Hardware Assumptions and Units

This book uses back-of-envelope estimates. To keep calculations consistent, we use the following defaults unless stated otherwise. Most examples target H100 SXM; the table below provides reference values for other common accelerators so readers can adapt calculations to their own hardware.

Time-sensitive hardware references

Hardware specifications and interconnect offerings evolve quickly and can vary by SKU, cloud provider, and firmware. Last verified: 2026-02-12. Confirm current vendor datasheets and instance documentation for production planning.

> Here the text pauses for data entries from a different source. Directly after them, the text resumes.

lemma qr_bounds:
  fixes kappa :: "nat \<Rightarrow> nat"
  assumes "1 \<le> p" "p \<le> sum kappa {1..n}" and "qr n kappa p = (q, r)"
  shows "1 \<le> q \<and> q \<le> n \<and> 1 \<le> r \<and> r \<le> kappa q"
proof -
  define P where "P = (\<lambda>(q, r). 1 \<le> q \<and> q \<le> n \<and> 1 \<le> r \<and> r \<le> kappa q \<and> p = sum kappa {1..<q} + r)"
  have "\<exists>!qr. P qr"
  proof (rule ex_ex1I)
    show "\<exists>qr. P qr"
      using qr_exists[OF assms(1,2)] by (auto simp: P_def)
  next
    fix qr1 qr2 assume "P qr1" "P qr2"
    obtain q1 r1 q2 r2 where qr: "qr1 = (q1, r1)" "qr2 = (q2, r2)"
      by (cases qr1, cases qr2)
    have first: "1 \<le> q1" "r1 \<le> kappa q1" "p = sum kappa {1..<q1} + r1" "1 \<le> r1"
      using \<open>P qr1\<close> by (simp_all only: P_def qr prod.case)
    have second: "1 \<le> q2" "r2 \<le> kappa q2" "p = sum kappa {1..<q2} + r2" "1 \<le> r2"
      using \<open>P qr2\<close> by (simp_all only: P_def qr prod.case)
    have "q1 = q2"
      using qr_block_le[OF second(1-3) first(4,3)] qr_block_le[OF first(1-3) second(4,3)]
      by (rule antisym)
    with first(3) second(3) show "qr1 = qr2"
      by (simp add: qr)
  qed
  from theI'[OF this] have "P (qr n kappa p)"
    by (simp only: qr_def P_def)
  then show ?thesis
    by (simp add: P_def assms(3))
qed

section \<open>The matrix product as a convolution\<close>

lemma sum_reflected_eq_sum_support:
  fixes g :: "int \<Rightarrow> 'a::comm_monoid_add"
  assumes "1 \<le> r" and vanish: "\<And>s. s < 0 \<or> D < s \<or> int N - int r < s \<Longrightarrow> g s = 0"
  shows "(\<Sum>k=1..N. g (int N - int k - int r + 1)) = sum g {0..D}"
proof -
  have "(\<Sum>k=1..N. g (int N - int k - int r + 1)) = sum g {1 - int r..int N - int r}"
    by (rule sum.reindex_bij_witness[where i="\<lambda>s. nat (int N - int r + 1 - s)"
          and j="\<lambda>k. int N - int k - int r + 1"]) auto
  also have "\<dots> = sum g ({1 - int r..int N - int r} \<inter> {0..D})"
    by (rule sum.mono_neutral_right) (auto intro: vanish)
  also have "\<dots> = sum g {0..D}"
    using assms(1) by (intro sum.mono_neutral_left) (auto intro: vanish)
  finally show ?thesis .
qed

lemma JT_mult_Mmat:
  assumes "qr n kappa p = (q, r)"
  shows "JT lam x j k * Mmat n y kappa k p =
    (let s = int (sum kappa {1..n}) - int k - int r + 1 in
       (-1) ^ nat s * elem s (rep_list n y (kappa(q := kappa q - r))) * hom (int (lam j) - int j + int k) x)"
  by (simp add: JT_def Mmat_def Let_def assms ac_simps)

lemma Gmat_eq_nth_linear_factor_inverse_power:
  assumes "qr n kappa p = (q, r)" and "1 \<le> r" and "j \<le> sum kappa {1..n}"
  shows "Gmat n lam y kappa j p =
    (let D = int (sum kappa {1..n}) + int (lam j) - int j - int r + 1 in
       if 0 \<le> D then linear_factor_inverse_power (r - 1) (y q) $ nat D else 0)"
proof -
  have "nat (int (sum kappa {1..n}) + int (lam j) - int j - int r + 1) + (r - 1) = sum kappa {1..n} + lam j - j"
    if "0 \<le> int (sum kappa {1..n}) + int (lam j) - int j - int r + 1"
    using that assms(2,3) by linarith
  then show ?thesis
    by (simp add: Gmat_def Let_def assms(1) linear_factor_inverse_power_def)
qed

theorem proposition5p2:
  fixes n :: nat and kappa lam :: "nat \<Rightarrow> nat" and y :: "nat \<Rightarrow> 'a::comm_ring_1"
  defines "N \<equiv> sum kappa {1..n}"
  assumes "is_partition_len_le N lam"
  shows "\<forall>j\<in>{1..N}. \<forall>p\<in>{1..N}.
           Gmat n lam y kappa j p =
           (\<Sum>k=1..N. JT lam (rep_list n y kappa) j k * Mmat n y kappa k p)"
proof (intro ballI)
  fix j p assume j: "j \<in> {1..N}" and p: "p \<in> {1..N}"
  obtain q r where qr: "qr n kappa p = (q, r)"
    by (cases "qr n kappa p")
  with p have "1 \<le> q \<and> q \<le> n \<and> 1 \<le> r \<and> r \<le> kappa q"
    by (intro qr_bounds) (auto simp: N_def)
  then have q: "q \<in> {1..n}" and r: "1 \<le> r" "r \<le> kappa q"
    by auto
  define x x' where "x = rep_list n y kappa" and "x' = rep_list n y (kappa(q := kappa q - r))"
  define D where "D = int N + int (lam j) - int j - int r + 1"
  define g where "g s = (-1) ^ nat s * elem s x' * hom (D - s) x" for s
  have mset: "mset x = mset x' + replicate_mset (Suc (r - 1)) (y q)"
    using mset_rep_list_decrease[where kappa = kappa and y = y, OF q r(2)] r(1) by (simp add: x_def x'_def)
  have vanish: "g s = 0" if "s < 0 \<or> D < s \<or> int N - int r < s" for s
    using that elem_gt_length[of x' "nat s"]
      length_rep_list_decrease[where kappa = kappa and y = y, OF q r(2), folded x'_def N_def]
    by (auto simp: g_def hom_neg elem_neg)
  have "JT lam x j k * Mmat n y kappa k p = g (int N - int k - int r + 1)" for k
    by (simp add: JT_mult_Mmat[OF qr, folded N_def] g_def D_def x'_def Let_def algebra_simps)
  then have "(\<Sum>k=1..N. JT lam x j k * Mmat n y kappa k p) = (\<Sum>k=1..N. g (int N - int k - int r + 1))"
    by simp
  also have "\<dots> = sum g {0..D}"
    by (rule sum_reflected_eq_sum_support[OF r(1) vanish])
  also have "\<dots> = (if 0 \<le> D then (signed_elem_fps x' * hom_fps x) $ nat D else 0)"
    by (simp add: signed_elem_fps_mult_hom_fps_nth g_def)
  also have "\<dots> = Gmat n lam y kappa j p"
    using j r(1)
    by (simp add: signed_elem_fps_mult_hom_fps[OF mset] Gmat_eq_nth_linear_factor_inverse_power[OF qr, folded N_def] D_def)
  finally show "Gmat n lam y kappa j p = (\<Sum>k=1..N. JT lam (rep_list n y kappa) j k * Mmat n y kappa k p)"
    by (simp add: x_def)
qed

end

Accelerator Reference Table¶

Spec	A100 80 GB SXM	H100 80 GB SXM	H200 141 GB SXM	AMD MI300X 192 GB
HBM capacity	80 GB (HBM2e)	80 GB (HBM3)	141 GB (HBM3e)	192 GB (HBM3)
HBM bandwidth	~2.0 TB/s	~3.35 TB/s	~4.8 TB/s	~5.3 TB/s
Dense BF16/FP16 peak	~312 TFLOP/s	~989 TFLOP/s	~989 TFLOP/s	~1,307 TFLOP/s
Dense FP8 peak	N/A	~1,979 TFLOP/s	~1,979 TFLOP/s	~2,615 TFLOP/s
TDP	400 W	700 W	700 W	750 W
Intra-node interconnect	NVLink 3.0	NVLink 4.0	NVLink 4.0	Infinity Fabric
Intra-node BW (per GPU)	~600 GB/s	~900 GB/s	~900 GB/s	~896 GB/s

Notes: TFLOP/s values are non-sparse. H200 shares the H100 compute die but has more and faster HBM. MI300X FLOP/s figures are AMD's published peak; achieved rates depend on ROCm software maturity. All bandwidth figures are aggregate bidirectional.

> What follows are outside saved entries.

(* Let $(X,\mu)$ and $(Y,\nu)$ be $\sigma$-finite measure spaces and let $\tau:Y\to X$ be a measurable nonsingular map (i.e. $\nu(\tau^{-1}(E))=0$ for every $\mu$-null set $E$). Let $0<p,q<\infty$ and let $\Phi:[0,\infty)\to[0,\infty)$ be such that $t\mapsto\Phi(t^{1/q})$ is a Young function. Then the composition operator $C_\tau f=f\circ\tau$ is bounded from $L^{p,q}(X,\mu)$ to $L^\Phi(Y,\nu)$ if and only if there exists a constant $D\ge1$ such that for all $\mu$-measurable sets $E\subset X$, \[ \nu(\tau^{-1}(E))\le\left\{\Phi\left(\frac{1}{D\mu(E)^{1/p}}\right)\right\}^{-1}. \]
   Context: A Young function is a map $\Psi:[0,\infty)\to[0,\infty)$ that is positive on $(0,\infty)$, convex, and satisfies $\lim_{t\downarrow0}\Psi(t)=\Psi(0)=0$. The Orlicz space $L^\Phi(Y,\nu)$ (for $\Phi$ with $\Phi((\cdot)^{1/q})$ a Young function) consists of measurable $g$ on $Y$ with $\int_Y\Phi(\epsilon|g|)\,d\nu<\infty$ for every $\epsilon>0$, with quasi-norm $\|g\|_{L^\Phi(Y)}=\inf\{\lambda>0:\int_Y\Phi(|g(y)|/\lambda)\,d\nu(y)\le1\}$. The Lorentz space $L^{p,q}(X,\mu)$ consists of measurable $f$ with $\|f\|_{L^{p,q}(X)}=\left(\int_0^\infty\left[t\,\mu(\{x:|f(x)|>t\})^{1/p}\right]^q\frac{dt}{t}\right)^{1/q}<\infty$. Boundedness means $\|C_\tau f\|_{L^\Phi(Y)}\le C\|f\|_{L^{p,q}(X)}$ for some $C$ and all $f$. Conventions $1/0=\infty$, $\Phi(\infty)=\infty$, $1/\infty=0$ are used when $\mu(E)\in\{0,\infty\}$. *)

theory Defs
  imports "HOL-Analysis.Analysis"
begin

definition young_function :: "(real \<Rightarrow> real) \<Rightarrow> bool" where
  "young_function \<Psi> \<longleftrightarrow>
     (\<forall>t\<ge>0. 0 \<le> \<Psi> t) \<and> (\<forall>t>0. 0 < \<Psi> t) \<and> convex_on {0..} \<Psi> \<and>
     \<Psi> 0 = 0 \<and> (\<Psi> \<longlongrightarrow> 0) (at_right 0)"

definition distrib_fun :: "'a measure \<Rightarrow> ('a \<Rightarrow> real) \<Rightarrow> real \<Rightarrow> ennreal" where
  "distrib_fun M f t = emeasure M {x \<in> space M. \<bar>f x\<bar> > t}"

definition lorentz_integral :: "'a measure \<Rightarrow> real \<Rightarrow> real \<Rightarrow> ('a \<Rightarrow> real) \<Rightarrow> ennreal" where
  "lorentz_integral M p q f =
     (\<integral>\<^sup>+ t. indicator {0<..} t *
        (if distrib_fun M f t = \<infinity> then \<infinity>
         else ennreal ((t * enn2real (distrib_fun M f t) powr (1/p)) powr q / t)) \<partial>lborel)"

definition in_lorentz :: "'a measure \<Rightarrow> real \<Rightarrow> real \<Rightarrow> ('a \<Rightarrow> real) \<Rightarrow> bool" where
  "in_lorentz M p q f \<longleftrightarrow> f \<in> borel_measurable M \<and> lorentz_integral M p q f < \<infinity>"

definition lorentz_norm :: "'a measure \<Rightarrow> real \<Rightarrow> real \<Rightarrow> ('a \<Rightarrow> real) \<Rightarrow> real" where
  "lorentz_norm M p q f = enn2real (lorentz_integral M p q f) powr (1/q)"

definition in_orlicz :: "'b measure \<Rightarrow> (real \<Rightarrow> real) \<Rightarrow> ('b \<Rightarrow> real) \<Rightarrow> bool" where
  "in_orlicz N \<Phi> g \<longleftrightarrow> g \<in> borel_measurable N \<and>
     (\<forall>\<epsilon>>0. (\<integral>\<^sup>+ y. ennreal (\<Phi> (\<epsilon> * \<bar>g y\<bar>)) \<partial>N) < \<infinity>)"

definition orlicz_norm :: "'b measure \<Rightarrow> (real \<Rightarrow> real) \<Rightarrow> ('b \<Rightarrow> real) \<Rightarrow> real" where
  "orlicz_norm N \<Phi> g =
     Inf {c::real. c > 0 \<and> (\<integral>\<^sup>+ y. ennreal (\<Phi> (\<bar>g y\<bar> / c)) \<partial>N) \<le> 1}"

definition nonsingular :: "'b measure \<Rightarrow> 'a measure \<Rightarrow> ('b \<Rightarrow> 'a) \<Rightarrow> bool" where
  "nonsingular N M \<tau> \<longleftrightarrow>
     (\<forall>E\<in>sets M. emeasure M E = 0 \<longrightarrow> emeasure N (\<tau> -` E \<inter> space N) = 0)"

text \<open>Bound {Phi(1/(D mu(E)^(1/p)))}^(-1) with conventions 1/0 = oo, Phi(oo) = oo, 1/oo = 0.\<close>
definition carleson_bound :: "(real \<Rightarrow> real) \<Rightarrow> real \<Rightarrow> real \<Rightarrow> ennreal \<Rightarrow> ennreal" where
  "carleson_bound \<Phi> p D m =
     (if m = 0 then 0
      else if m = \<infinity> then \<infinity>
      else inverse (ennreal (\<Phi> (1 / (D * enn2real m powr (1/p))))))"

end

(*
  Necessity: test the boundedness on indicator functions. The Lorentz norm of 1_E is a
  multiple of mu(E)^(1/p), while the Orlicz modular of 1_E o tau at level c is
  Phi(1/c) nu(tau^-1 E); an Orlicz norm below c = D mu(E)^(1/p) therefore forces
  nu(tau^-1 E) <= 1 / Phi(1/c).

  Sufficiency: by the layer-cake formula, the modular of f o tau at level c is at most
  the integral of 2 Phi(2t/c)/t * nu(|f o tau| > t) dt. The Carleson condition bounds
  nu(|f o tau| > t) by 1/Phi(a) with a = 1/(D d(t)^(1/p)), d the distribution function
  of f, and the q-convexity Phi(B a) <= B^q Phi(a) for B <= 1 makes the integrand at most
  a multiple of the Lorentz density t^(q-1) d(t)^(q/p), as long as c dominates
  2 D t d(t)^(1/p). The Lorentz norm controls this weak-type quantity uniformly, which
  yields the norm bound; since the weak-type quantity also tends to 0 at 0 and at
  infinity, every modular of f o tau is finite.
*)
theory Submission
  imports Defs
begin

section \<open>Young functions of power type\<close>

locale q_young_function =
  fixes \<Phi> :: "real \<Rightarrow> real" and q :: real
  assumes young: "young_function (\<lambda>t. \<Phi> (t powr (1/q)))" and q_pos: "0 < q"
begin

lemma Phi_powr_powr_inverse [simp]: "0 \<le> x \<Longrightarrow> \<Phi> ((x powr q) powr (1/q)) = \<Phi> x"
  using q_pos by (simp add: powr_powr)

lemma Phi_zero [simp]: "\<Phi> 0 = 0"
  using young by (simp add: young_function_def)

lemma Phi_nonneg:
  assumes "0 \<le> x"
  shows "0 \<le> \<Phi> x"
proof -
  have "\<forall>t\<ge>0. 0 \<le> \<Phi> (t powr (1/q))"
    using young by (simp add: young_function_def)
  then have "0 \<le> \<Phi> ((x powr q) powr (1/q))" by simp
  with assms show ?thesis by simp
qed

lemma Phi_pos:
  assumes "0 < x"
  shows "0 < \<Phi> x"
proof -
  have "\<forall>t>0. 0 < \<Phi> (t powr (1/q))"
    using young by (simp add: young_function_def)
  then have "0 < x powr q \<longrightarrow> 0 < \<Phi> ((x powr q) powr (1/q))" by blast
  then show ?thesis using assms by simp
qed

lemma Phi_scale_le:
  assumes "0 \<le> l" "l \<le> 1" "0 \<le> x"
  shows "\<Phi> (l * x) \<le> l powr q * \<Phi> x"
proof -
  define \<Psi> where "\<Psi> t = \<Phi> (t powr (1/q))" for t
  have "convex_on {0..} \<Psi>" "\<Psi> 0 = 0"
    using young unfolding young_function_def \<Psi>_def by auto
  moreover have "l powr q \<le> 1"
    using assms q_pos by (intro powr_le1) auto
  ultimately have "\<Psi> (l powr q * x powr q) \<le> l powr q * \<Psi> (x powr q)"
    using convex_onD[of "{0..}" \<Psi> "l powr q" 0 "x powr q"] by simp
  moreover have "l powr q * x powr q = (l * x) powr q"
    using assms by (simp add: powr_mult)
  ultimately show ?thesis
    using assms by (simp add: \<Psi>_def)
qed

lemma Phi_mono:
  assumes "0 \<le> x" "x \<le> y"
  shows "\<Phi> x \<le> \<Phi> y"
proof (cases "y = 0")
  case False
  then have y: "0 < y" using assms by simp
  have "\<Phi> x = \<Phi> ((x / y) * y)" using y by simp
  also have "\<dots> \<le> (x / y) powr q * \<Phi> y"
    using assms y by (intro Phi_scale_le) auto
  also have "\<dots> \<le> \<Phi> y"
  proof (rule mult_left_le_one_le)
    show "(x / y) powr q \<le> 1"
      using assms y q_pos by (intro powr_le1) auto
  qed (use Phi_nonneg[of y] y in auto)
  finally show ?thesis .
qed (use assms in simp)

lemma borel_measurable_Phi_max0 [measurable]: "(\<lambda>x. \<Phi> (max 0 x)) \<in> borel_measurable borel"
  by (rule borel_measurable_mono) (simp add: mono_def Phi_mono)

Default Values Used in Examples¶

Throughout the book, unless a section explicitly states otherwise:

GPU: NVIDIA H100 SXM 80 GB
Dense BF16/FP16 peak: ~989 TFLOP/s (non-sparse)
Dense FP8 peak: ~1,979 TFLOP/s (non-sparse)
MFU is defined relative to the stated peak in the local context

If a section uses a different precision (e.g., FP8 or sparsity), it says so explicitly.

Interconnect Bandwidth¶

Link	Bandwidth (per GPU)	Typical Latency	Notes
NVLink 3.0 (A100)	~600 GB/s	~1 μs	12 links × 50 GB/s
NVLink 4.0 (H100/H200)	~900 GB/s	~1 μs	18 links × 50 GB/s
InfiniBand NDR 400	~50 GB/s	~1–2 μs	Per NIC, per direction
InfiniBand NDR 200	~25 GB/s	~1–2 μs	Common in older clusters
100 GbE (RoCE v2)	~12.5 GB/s	~5–10 μs	Some cloud providers
PCIe Gen5 x16	~64 GB/s	~1 μs	CPU↔GPU, bidirectional

When we compute ridge points, we divide peak FLOP/s by the stated link bandwidth. If a section uses per-direction instead of aggregate, it calls that out explicitly.

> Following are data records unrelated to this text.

lemma union_binom_eq_poisson_mixture:
  assumes p: "0 \<le> p" "p \<le> 1" and m: "0 < m"
    and pos: "0 < measure_pmf.prob (random_subset n p) (possible_edges n K)"
  shows "union_binom K n (\<lambda>k. 1 - exp (- (real m * p ^ k * (1 - p) ^ (n - k))))
         = bind_pmf (poisson_pmf (real m * measure_pmf.prob (random_subset n p) (possible_edges n K)))
                    (iid_sample_set (cond_pmf (random_subset n p) (possible_edges n K)))"
proof -
  define Q where "Q = measure_pmf.prob (random_subset n p) (possible_edges n K)"
  define \<tau> where "\<tau> = cond_pmf (random_subset n p) (possible_edges n K)"
  have mQ: "0 < real m * Q" using m pos by (simp add: Q_def)
  have cond: "Q * measure_pmf.prob \<tau> G = measure_pmf.prob (random_subset n p) (G \<inter> possible_edges n K)" for G
    unfolding Q_def \<tau>_def by (rule prob_cond_pmf[OF finite_possible_edges pos])
  have "set_pmf \<tau> \<subseteq> possible_edges n K"
    using pos measure_pmf_zero_iff[of "random_subset n p" "possible_edges n K"] by (auto simp: \<tau>_def set_cond_pmf)
  then have "union_binom K n (\<lambda>k. 1 - exp (- (real m * p ^ k * (1 - p) ^ (n - k))))
      = bind_pmf (poisson_pmf (real m * Q)) (iid_sample_set \<tau>)"
  proof (intro pmf_eq_by_prob_Pow[OF finite_possible_edges set_pmf_union_binom])
    fix G
    show "measure_pmf.prob (union_binom K n (\<lambda>k. 1 - exp (- (real m * p ^ k * (1 - p) ^ (n - k))))) (Pow G)
        = measure_pmf.prob (bind_pmf (poisson_pmf (real m * Q)) (iid_sample_set \<tau>)) (Pow G)"
      unfolding prob_union_binom_Pow[OF p] prob_bind_poisson_iid_Pow[OF mQ] prob_minus_eq cond[symmetric] Q_def[symmetric]
      by (simp add: algebra_simps)
  qed (use set_pmf_iid_sample_set in fastforce)
  then show ?thesis by (simp add: Q_def \<tau>_def)
qed

text \<open>If no possible edge can occur, both unions are almost surely empty.\<close>
lemma union_rim_eq_union_binom_degenerate:
  assumes p: "0 \<le> p" "p \<le> 1" and zero: "measure_pmf.prob (random_subset n p) (possible_edges n K) = 0"
  shows "union_rim K n m p = union_binom K n (\<lambda>k. 1 - exp (- (real m * p ^ k * (1 - p) ^ (n - k))))"
proof (rule pmf_eq_by_prob_Pow[OF finite_possible_edges set_pmf_union_rim set_pmf_union_binom])
  fix G
  have "measure_pmf.prob (random_subset n p) (possible_edges n K - G) \<le> measure_pmf.prob (random_subset n p) (possible_edges n K)"
    by (rule measure_pmf.finite_measure_mono) auto
  then have "measure_pmf.prob (random_subset n p) (possible_edges n K - G) = 0"
    using zero by (simp add: order_antisym)
  then show "measure_pmf.prob (union_rim K n m p) (Pow G)
      = measure_pmf.prob (union_binom K n (\<lambda>k. 1 - exp (- (real m * p ^ k * (1 - p) ^ (n - k))))) (Pow G)"
    unfolding prob_union_rim_Pow prob_union_binom_Pow[OF p] by simp
qed

section \<open>The main estimate\<close>

lemma dTV_unions_le:
  assumes p: "0 \<le> p" "p \<le> 1" and m: "0 < m"
    and small: "measure_pmf.prob (random_subset n p) (possible_edges n K) \<le> 1/256"
  shows "dTV (union_rim K n m p) (union_binom K n (\<lambda>k. 1 - exp (- (real m * p ^ k * (1 - p) ^ (n - k)))))
           \<le> 10 * sqrt (measure_pmf.prob (random_subset n p) (possible_edges n K))"
proof (cases "measure_pmf.prob (random_subset n p) (possible_edges n K) = 0")
  case True
  then show ?thesis by (simp add: union_rim_eq_union_binom_degenerate[OF p True] dTV_self)
next
  case False
  define Q where "Q = measure_pmf.prob (random_subset n p) (possible_edges n K)"
  have pos: "0 < Q" using False by (simp add: Q_def less_le)
  have "sqrt Q \<le> sqrt (1/256)" using small by (simp add: Q_def)
  also have "sqrt (1/256) = (1/16::real)" by (rule real_sqrt_unique) (auto simp: power2_eq_square)
  finally have "sqrt Q \<le> 1/16" .
  with pos m have "dTV (bind_pmf (binomial_pmf m ((sqrt Q)\<^sup>2)) (iid_sample_set (cond_pmf (random_subset n p) (possible_edges n K))))
       (bind_pmf (poisson_pmf (real m * (sqrt Q)\<^sup>2)) (iid_sample_set (cond_pmf (random_subset n p) (possible_edges n K))))
       \<le> 10 * sqrt Q"
    by (intro dTV_bind_binomial_poisson) auto
  with pos show ?thesis
    by (simp add: union_rim_eq_binomial_mixture union_binom_eq_poisson_mixture p m Q_def)
qed

lemma prob_possible_edge_le:
  assumes p: "0 \<le> p" "p \<le> 1" and np: "real n * p \<le> 1"
  shows "measure_pmf.prob (random_subset n p) (possible_edges n K) \<le> real K * (real n * p)\<^sup>2"
proof -
  have "measure_pmf.prob (random_subset n p) (possible_edges n K)
      = (\<Sum>k\<in>{2..K}. real (card (k_subsets k n)) * (p ^ k * (1 - p) ^ (n - k)))"
    using prob_possible_edges_minus[OF p, of n K "{}"] by simp
  also have "\<dots> \<le> (\<Sum>k\<in>{2..K}. (real n * p)\<^sup>2)"
  proof (rule sum_mono)
    fix k assume k: "k \<in> {2..K}"
    have "card (k_subsets k n) = n choose k"
      unfolding k_subsets_def using n_subsets[of "{..<n}" k] by simp
    moreover have "n choose k \<le> n ^ k"
      by (cases "k \<le> n") (auto simp: binomial_le_pow binomial_eq_0)
    ultimately have "real (card (k_subsets k n)) \<le> real n ^ k"
      by (metis of_nat_le_iff of_nat_power)
    moreover have "p ^ k * (1 - p) ^ (n - k) \<le> p ^ k"
      using p by (simp add: mult_left_le power_le_one)
    ultimately have "real (card (k_subsets k n)) * (p ^ k * (1 - p) ^ (n - k)) \<le> real n ^ k * p ^ k"
      using p by (intro mult_mono) auto
    also have "\<dots> = (real n * p) ^ k" by (simp add: power_mult_distrib)
    also have "\<dots> \<le> (real n * p)\<^sup>2" using k np p by (intro power_decreasing) auto
    finally show "real (card (k_subsets k n)) * (p ^ k * (1 - p) ^ (n - k)) \<le> (real n * p)\<^sup>2" .
  qed
  also have "\<dots> \<le> real K * (real n * p)\<^sup>2" by (simp add: mult_right_mono)
  finally show ?thesis .
qed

Typical DGX/SuperPOD Configurations¶

Configuration	GPUs/Node	Intra-node	Inter-node	Example
DGX A100	8 × A100	NVLink 3.0 (600 GB/s)	8 × HDR 200 IB	Many cloud instances
DGX H100	8 × H100	NVLink 4.0 (900 GB/s)	8 × NDR 400 IB	Meta Grand Teton
DGX H200	8 × H200	NVLink 4.0 (900 GB/s)	8 × NDR 400 IB	Latest generation

Units¶

GB and TB denote decimal units (1 GB = 10^9 bytes)
GiB and TiB denote binary units (1 GiB = 2^30 bytes)
Tokens are counted in raw tokens unless otherwise stated

If you need exact provisioning, convert these estimates to your platform's reporting units (often GiB).